The following is a summary of the "Stages of an interview" article. If you have a remote interview, you can print this condensed version and keep it in front of you during the interview.
- Have a rehearsed 30-60 second introduction regarding your education, work experience, and interests prepared.
- Smile and speak with confidence.
- Pay attention when the interviewer talks about themselves and incorporate their work into your questions later.
- Paraphrase the problem back to the interviewer after they have read it to you.
- Ask clarifying questions about the input, such as the expected input size, edge cases, and invalid inputs.
- Quickly walk through an example test case to confirm you understand the problem.
- Always think out loud.
- Break the problem down: figure out what you need to do, and think about what data structure or algorithm can accomplish it with a good time complexity.
- Be receptive to feedback — the interviewer is probably hinting you towards the correct solution.
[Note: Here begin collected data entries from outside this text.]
(* For every integer $m\ge1$ and every smooth closed immersed planar curve $\gamma$, $$E_m[\gamma]\le\frac1{2m+1}L[\gamma]^{3/2}\|\mathcal K_m\|_{L^2(\gamma)},$$ equivalently $L[\gamma]^{2m+1}E_m[\gamma]\le\frac1{2m+1}L[\gamma]^{2m+5/2}\|\mathcal K_m\|_{L^2(\gamma)}$.
   Context: $s$ arclength, $k$ signed curvature, $k_{s^j}$ its $j$-th arclength derivative, $L[\gamma]$ length, $E_m[\gamma]=\frac12\int_\gamma k_{s^m}^2ds$, $\mathcal K_m=(-1)^{m+1}k_{s^{2m+2}}-\tfrac12 k\,k_{s^m}^2+k\sum_{r=1}^m(-1)^{r+1}k_{s^{m-r}}k_{s^{m+r}}$, and $\|\cdot\|_{L^2(\gamma)}$ is taken with respect to $ds$. *)

theory Defs
  imports "HOL-Analysis.Analysis"
begin

text \<open>A planar curve is given by its coordinate functions x, y :: real => real,
 parametrised over the circle R/Z, i.e. 1-periodic.\<close>

definition smooth_fun :: "(real \<Rightarrow> real) \<Rightarrow> bool" where
  "smooth_fun f \<longleftrightarrow> (\<forall>n t. (deriv ^^ n) f differentiable (at t))"

definition smooth_closed_immersed :: "(real \<Rightarrow> real) \<Rightarrow> (real \<Rightarrow> real) \<Rightarrow> bool" where
  "smooth_closed_immersed x y \<longleftrightarrow>
     smooth_fun x \<and> smooth_fun y \<and>
     (\<forall>t. x (t + 1) = x t \<and> y (t + 1) = y t) \<and>
     (\<forall>t. (deriv x t, deriv y t) \<noteq> (0, 0))"

definition speed :: "(real \<Rightarrow> real) \<Rightarrow> (real \<Rightarrow> real) \<Rightarrow> real \<Rightarrow> real" where
  "speed x y t = sqrt ((deriv x t)\<^sup>2 + (deriv y t)\<^sup>2)"

definition curv :: "(real \<Rightarrow> real) \<Rightarrow> (real \<Rightarrow> real) \<Rightarrow> real \<Rightarrow> real" where
  "curv x y t = (deriv x t * deriv (deriv y) t - deriv y t * deriv (deriv x) t) / (speed x y t) ^ 3"

fun curv_s :: "(real \<Rightarrow> real) \<Rightarrow> (real \<Rightarrow> real) \<Rightarrow> nat \<Rightarrow> real \<Rightarrow> real" where
  "curv_s x y 0 = curv x y"
| "curv_s x y (Suc j) = (\<lambda>t. deriv (curv_s x y j) t / speed x y t)"

definition int_ds :: "(real \<Rightarrow> real) \<Rightarrow> (real \<Rightarrow> real) \<Rightarrow> (real \<Rightarrow> real) \<Rightarrow> real" where
  "int_ds x y f = integral {0..1} (\<lambda>t. f t * speed x y t)"

definition curve_length :: "(real \<Rightarrow> real) \<Rightarrow> (real \<Rightarrow> real) \<Rightarrow> real" where
  "curve_length x y = int_ds x y (\<lambda>_. 1)"

definition energy :: "nat \<Rightarrow> (real \<Rightarrow> real) \<Rightarrow> (real \<Rightarrow> real) \<Rightarrow> real" where
  "energy m x y = 1/2 * int_ds x y (\<lambda>t. (curv_s x y m t)\<^sup>2)"

definition Kop :: "nat \<Rightarrow> (real \<Rightarrow> real) \<Rightarrow> (real \<Rightarrow> real) \<Rightarrow> real \<Rightarrow> real" where
  "Kop m x y t =
     (-1) ^ (m + 1) * curv_s x y (2 * m + 2) t
     - 1/2 * curv x y t * (curv_s x y m t)\<^sup>2
     + curv x y t * (\<Sum>r = 1..m. (-1) ^ (r + 1) * curv_s x y (m - r) t * curv_s x y (m + r) t)"

definition L2_ds :: "(real \<Rightarrow> real) \<Rightarrow> (real \<Rightarrow> real) \<Rightarrow> (real \<Rightarrow> real) \<Rightarrow> real" where
  "L2_ds x y f = sqrt (int_ds x y (\<lambda>t. (f t)\<^sup>2))"

end

(* Write D = d/ds and let p and q (normal_part and tangent_part) be the components of
   gamma - gamma(0) along the unit normal nu = (-D y, D x) and the unit tangent (D x, D y).
   The Frenet equations give D p = -k q and D q = 1 + k p.  The field gamma - gamma(0) generates
   dilations, under which E_m scales like L^(-(2m+1)); correspondingly the integral of K_m p ds
   equals (2m+1) E_m.  This identity is verified directly by repeated integration by parts over
   the closed curve, organised through the variations N_j (curv_s_variation j) of the k_(s^j)
   along p, which satisfy N_0 = D^2 p + k^2 p and N_(j+1) = D N_j + k p k_(s^(j+1)).
   Since |gamma(t) - gamma(0)| <= L, we have |p| <= L and hence ||p||_L2 <= L^(3/2);
   Cauchy-Schwarz now gives the estimate. *)

theory Submission
  imports Defs
begin

lemma deriv_periodic:
  fixes f :: "real \<Rightarrow> real"
  assumes "\<And>t. f (t + c) = f t"
  shows "deriv f (t + c) = deriv f t"
proof -
  have "(\<lambda>s. f (s + c)) = f" using assms by auto
  then show ?thesis by (simp add: deriv_def DERIV_shift)
qed

lemma funpow_deriv_periodic:
  fixes f :: "real \<Rightarrow> real"
  assumes "\<And>t. f (t + c) = f t"
  shows "(deriv ^^ n) f (t + c) = (deriv ^^ n) f t"
  by (induction n arbitrary: t) (simp_all add: assms deriv_periodic)

lemma le_sqrt_mult_sqrt_if_quadratic_nonneg:
  fixes A B J :: real
  assumes quadratic: "\<And>c. 0 \<le> A - 2 * c * J + c\<^sup>2 * B" and "B \<ge> 0"
  shows "J \<le> sqrt A * sqrt B"
proof (cases "B = 0")
  case True
  have "J = 0"
  proof (rule ccontr)
    assume "J \<noteq> 0"
    then show False using quadratic[of "(A + 1) / (2 * J)"] True by (simp add: field_simps)
  qed
  then show ?thesis using True by simp
next
  case False
  then have "J\<^sup>2 \<le> A * B"
    using quadratic[of "J / B"] \<open>B \<ge> 0\<close> by (simp add: field_simps power2_eq_square)
  then show ?thesis by (metis abs_ge_self order_trans real_le_rsqrt real_sqrt_mult real_sqrt_abs)
qed

lemma frenet_identity:
  fixes a b c d s :: real
  assumes "s > 0" and "s\<^sup>2 = a\<^sup>2 + b\<^sup>2"
  shows "c / s * (1 / s) + a * (- (a * c + b * d) * (1 / s) ^ 4) = - ((a * d - b * c) / s ^ 3) * (b / s)"
proof -
  have "c * s\<^sup>2 - a * (a * c + b * d) = - (a * d - b * c) * b"
    unfolding assms(2) by algebra
  then show ?thesis
    using assms(1) by (simp add: field_simps power2_eq_square eval_nat_numeral)
qed

lemma unit_combination_le_sqrt:
  fixes a b u v :: real
  assumes "a\<^sup>2 + b\<^sup>2 = 1"
  shows "a * u + b * v \<le> sqrt (u\<^sup>2 + v\<^sup>2)"
  using Cauchy_Schwarz_ineq2[of "(a, b)" "(u, v)"] assms by (simp add: norm_Pair)

definition arc_deriv :: "(real \<Rightarrow> real) \<Rightarrow> (real \<Rightarrow> real) \<Rightarrow> (real \<Rightarrow> real) \<Rightarrow> real \<Rightarrow> real" where
  "arc_deriv x y f = (\<lambda>t. deriv f t / speed x y t)"

lemma curv_s_eq_funpow_arc_deriv: "curv_s x y j = (arc_deriv x y ^^ j) (curv x y)"
  by (induction j) (simp_all add: arc_deriv_def)

lemma curv_s_Suc_arc_deriv: "curv_s x y (Suc j) = arc_deriv x y (curv_s x y j)"
  by (simp add: arc_deriv_def)

declare curv_s.simps(2) [simp del]

(* Rather than with all smooth periodic functions we work in the algebra generated by the
   derivatives of the coordinates and 1/|gamma'|: it contains every function that occurs, and its
   closure under deriv is a single induction, avoiding the Leibniz rule for higher derivatives. *)
inductive_set curve_algebra :: "(real \<Rightarrow> real) \<Rightarrow> (real \<Rightarrow> real) \<Rightarrow> (real \<Rightarrow> real) set"
  for x y where
  deriv_x: "(deriv ^^ n) x \<in> curve_algebra x y"
| deriv_y: "(deriv ^^ n) y \<in> curve_algebra x y"
| const: "(\<lambda>t. c) \<in> curve_algebra x y"
| inverse_speed: "(\<lambda>t. 1 / speed x y t) \<in> curve_algebra x y"
| add: "f \<in> curve_algebra x y \<Longrightarrow> g \<in> curve_algebra x y \<Longrightarrow> (\<lambda>t. f t + g t) \<in> curve_algebra x y"
| mult: "f \<in> curve_algebra x y \<Longrightarrow> g \<in> curve_algebra x y \<Longrightarrow> (\<lambda>t. f t * g t) \<in> curve_algebra x y"

locale closed_curve =
  fixes x y :: "real \<Rightarrow> real"
  assumes smooth_closed_immersed: "smooth_closed_immersed x y"
begin

abbreviation "\<sigma> \<equiv> speed x y"
abbreviation "k \<equiv> curv x y"
abbreviation "D \<equiv> arc_deriv x y"
abbreviation "\<A> \<equiv> curve_algebra x y"

lemma
  shows has_real_derivative_funpow_deriv_x: "((deriv ^^ n) x has_real_derivative (deriv ^^ Suc n) x t) (at t)"
    and has_real_derivative_funpow_deriv_y: "((deriv ^^ n) y has_real_derivative (deriv ^^ Suc n) y t) (at t)"
  using smooth_closed_immersed
  by (simp_all add: smooth_closed_immersed_def smooth_fun_def DERIV_deriv_iff_real_differentiable)

lemma periodic_x: "x (t + 1) = x t" and periodic_y: "y (t + 1) = y t"
  using smooth_closed_immersed by (simp_all add: smooth_closed_immersed_def)

lemma speed_pos: "\<sigma> t > 0"
  using smooth_closed_immersed
  by (simp add: smooth_closed_immersed_def speed_def sum_power2_gt_zero_iff)

lemma speed_squared: "(\<sigma> t)\<^sup>2 = (deriv x t)\<^sup>2 + (deriv y t)\<^sup>2"
  by (simp add: speed_def)

lemma inverse_speed_has_real_derivative:
  "((\<lambda>t. 1 / \<sigma> t) has_real_derivative
     - (deriv x t * (deriv ^^ 2) x t + deriv y t * (deriv ^^ 2) y t) * (1 / \<sigma> t) ^ 3) (at t)"
proof -
  have "((\<lambda>t. 1 / \<sigma> t) has_real_derivative
     - (inverse (\<sigma> t) / 2 * (2 * deriv x t * (deriv ^^ 2) x t + 2 * deriv y t * (deriv ^^ 2) y t))
       / (\<sigma> t)\<^sup>2) (at t)"
    unfolding speed_def
    using speed_pos[of t] has_real_derivative_funpow_deriv_x[of 1 t] has_real_derivative_funpow_deriv_y[of 1 t]
    by (auto intro!: derivative_eq_intros simp: numeral_2_eq_2 speed_def)
  then show ?thesis
    by (rule DERIV_cong) (use speed_pos[of t] in \<open>simp add: field_simps power2_eq_square power3_eq_cube\<close>)
qed

lemma curve_algebra_cmult: "f \<in> \<A> \<Longrightarrow> (\<lambda>t. c * f t) \<in> \<A>"
  by (rule curve_algebra.mult[OF curve_algebra.const])

lemma curve_algebra_minus: "f \<in> \<A> \<Longrightarrow> (\<lambda>t. - f t) \<in> \<A>"
  using curve_algebra_cmult[of f "-1"] by simp

lemma curve_algebra_diff: "f \<in> \<A> \<Longrightarrow> g \<in> \<A> \<Longrightarrow> (\<lambda>t. f t - g t) \<in> \<A>"
  using curve_algebra.add[OF _ curve_algebra_minus, of f g] by simp

lemma curve_algebra_power: "f \<in> \<A> \<Longrightarrow> (\<lambda>t. f t ^ n) \<in> \<A>"
  by (induction n) (simp_all add: curve_algebra.const curve_algebra.mult)

lemma curve_algebra_sum: "(\<And>i. F i \<in> \<A>) \<Longrightarrow> (\<lambda>t. \<Sum>i\<in>S. F i t) \<in> \<A>"
  by (induction S rule: infinite_finite_induct) (simp_all add: curve_algebra.const curve_algebra.add)

lemma
  shows curve_algebra_x: "x \<in> \<A>" and curve_algebra_y: "y \<in> \<A>"
    and curve_algebra_deriv_x: "deriv x \<in> \<A>" and curve_algebra_deriv_y: "deriv y \<in> \<A>"
  using curve_algebra.deriv_x[of 0] curve_algebra.deriv_y[of 0]
    curve_algebra.deriv_x[of 1] curve_algebra.deriv_y[of 1] by simp_all

lemmas curve_algebra_intros = curve_algebra.intros curve_algebra_cmult curve_algebra_minus
  curve_algebra_diff curve_algebra_power curve_algebra_sum
  curve_algebra_x curve_algebra_y curve_algebra_deriv_x curve_algebra_deriv_y

lemma speed_periodic: "\<sigma> (t + 1) = \<sigma> t"
  by (simp add: speed_def deriv_periodic periodic_x periodic_y)

lemma curve_algebra_smooth_periodic:
  assumes "f \<in> \<A>"
  shows "(\<forall>t. (f has_real_derivative deriv f t) (at t)) \<and> deriv f \<in> \<A> \<and> (\<forall>t. f (t + 1) = f t)"
  using assms
proof (induction rule: curve_algebra.induct)
  case (deriv_x n)
  then show ?case
    using has_real_derivative_funpow_deriv_x curve_algebra.deriv_x[of "Suc n"]
      funpow_deriv_periodic[of x, OF periodic_x]
    by (simp add: DERIV_imp_deriv)
next
  case (deriv_y n)
  then show ?case
    using has_real_derivative_funpow_deriv_y curve_algebra.deriv_y[of "Suc n"]
      funpow_deriv_periodic[of y, OF periodic_y]
    by (simp add: DERIV_imp_deriv)
next
  case (const c)
  have "deriv (\<lambda>t. c) = (\<lambda>t. 0)" by (rule ext) simp
  then show ?case by (simp add: curve_algebra.const)
next
  case inverse_speed
  have "deriv (\<lambda>t. 1 / \<sigma> t) =
      (\<lambda>t. - (deriv x t * (deriv ^^ 2) x t + deriv y t * (deriv ^^ 2) y t) * (1 / \<sigma> t) ^ 3)"
    using inverse_speed_has_real_derivative by (intro ext DERIV_imp_deriv)
  moreover have "\<dots> \<in> \<A>" by (intro curve_algebra_intros)
  ultimately show ?case using inverse_speed_has_real_derivative speed_periodic by simp
next
  case (add f g)
  have derivative: "((\<lambda>t. f t + g t) has_real_derivative deriv f t + deriv g t) (at t)" for t
    using add.IH by (intro DERIV_add) auto
  then have "deriv (\<lambda>t. f t + g t) = (\<lambda>t. deriv f t + deriv g t)"
    by (intro ext DERIV_imp_deriv)
  with derivative add.IH show ?case by (simp add: curve_algebra.add)
next
  case (mult f g)
  have derivative: "((\<lambda>t. f t * g t) has_real_derivative deriv f t * g t + f t * deriv g t) (at t)" for t
    using mult.IH by (auto intro!: derivative_eq_intros)
  then have "deriv (\<lambda>t. f t * g t) = (\<lambda>t. deriv f t * g t + f t * deriv g t)"
    by (intro ext DERIV_imp_deriv)
  with derivative mult show ?case by (simp add: curve_algebra.add curve_algebra.mult)
qed

lemma curve_algebra_has_real_derivative: "f \<in> \<A> \<Longrightarrow> (f has_real_derivative deriv f t) (at t)"
  and curve_algebra_deriv: "f \<in> \<A> \<Longrightarrow> deriv f \<in> \<A>"
  and curve_algebra_periodic: "f \<in> \<A> \<Longrightarrow> f (t + 1) = f t"
  using curve_algebra_smooth_periodic by blast+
- Once you have an idea, explain it before coding. Make sure the interviewer agrees it is a reasonable approach.
- Explain your decisions as you implement. For example, when declaring a set, explain its purpose.
- Write clean code that conforms to your language's conventions.
- Avoid duplicate code — use helper functions or loops if writing similar code multiple times.
- If you get stuck, don't panic — communicate.
- It's okay to start with a brute force solution (acknowledge it), then improve it by optimizing the slow parts.
- Keep thinking out loud and engage with the interviewer. This makes it easier for them to give hints.
- When walking through test cases, keep track of variables by writing them at the bottom of the file and updating them.
- Condense trivial steps (like prefix sums) to save time.
- If there are errors and the environment allows running code, add print statements and walk through a small test case, comparing expected vs. actual values.
- Stay vocal and collaborative if you run into problems.
Be prepared to answer:
- What is the time and space complexity, both average and worst case?
- Why did you choose this data structure, algorithm, or logic?
- Can the algorithm be improved? (If they ask, the answer is usually yes — especially if it's slower than O(n).)
- Prepare questions about the company.
- Be interested, smile, and ask follow-up questions based on the interviewer's responses.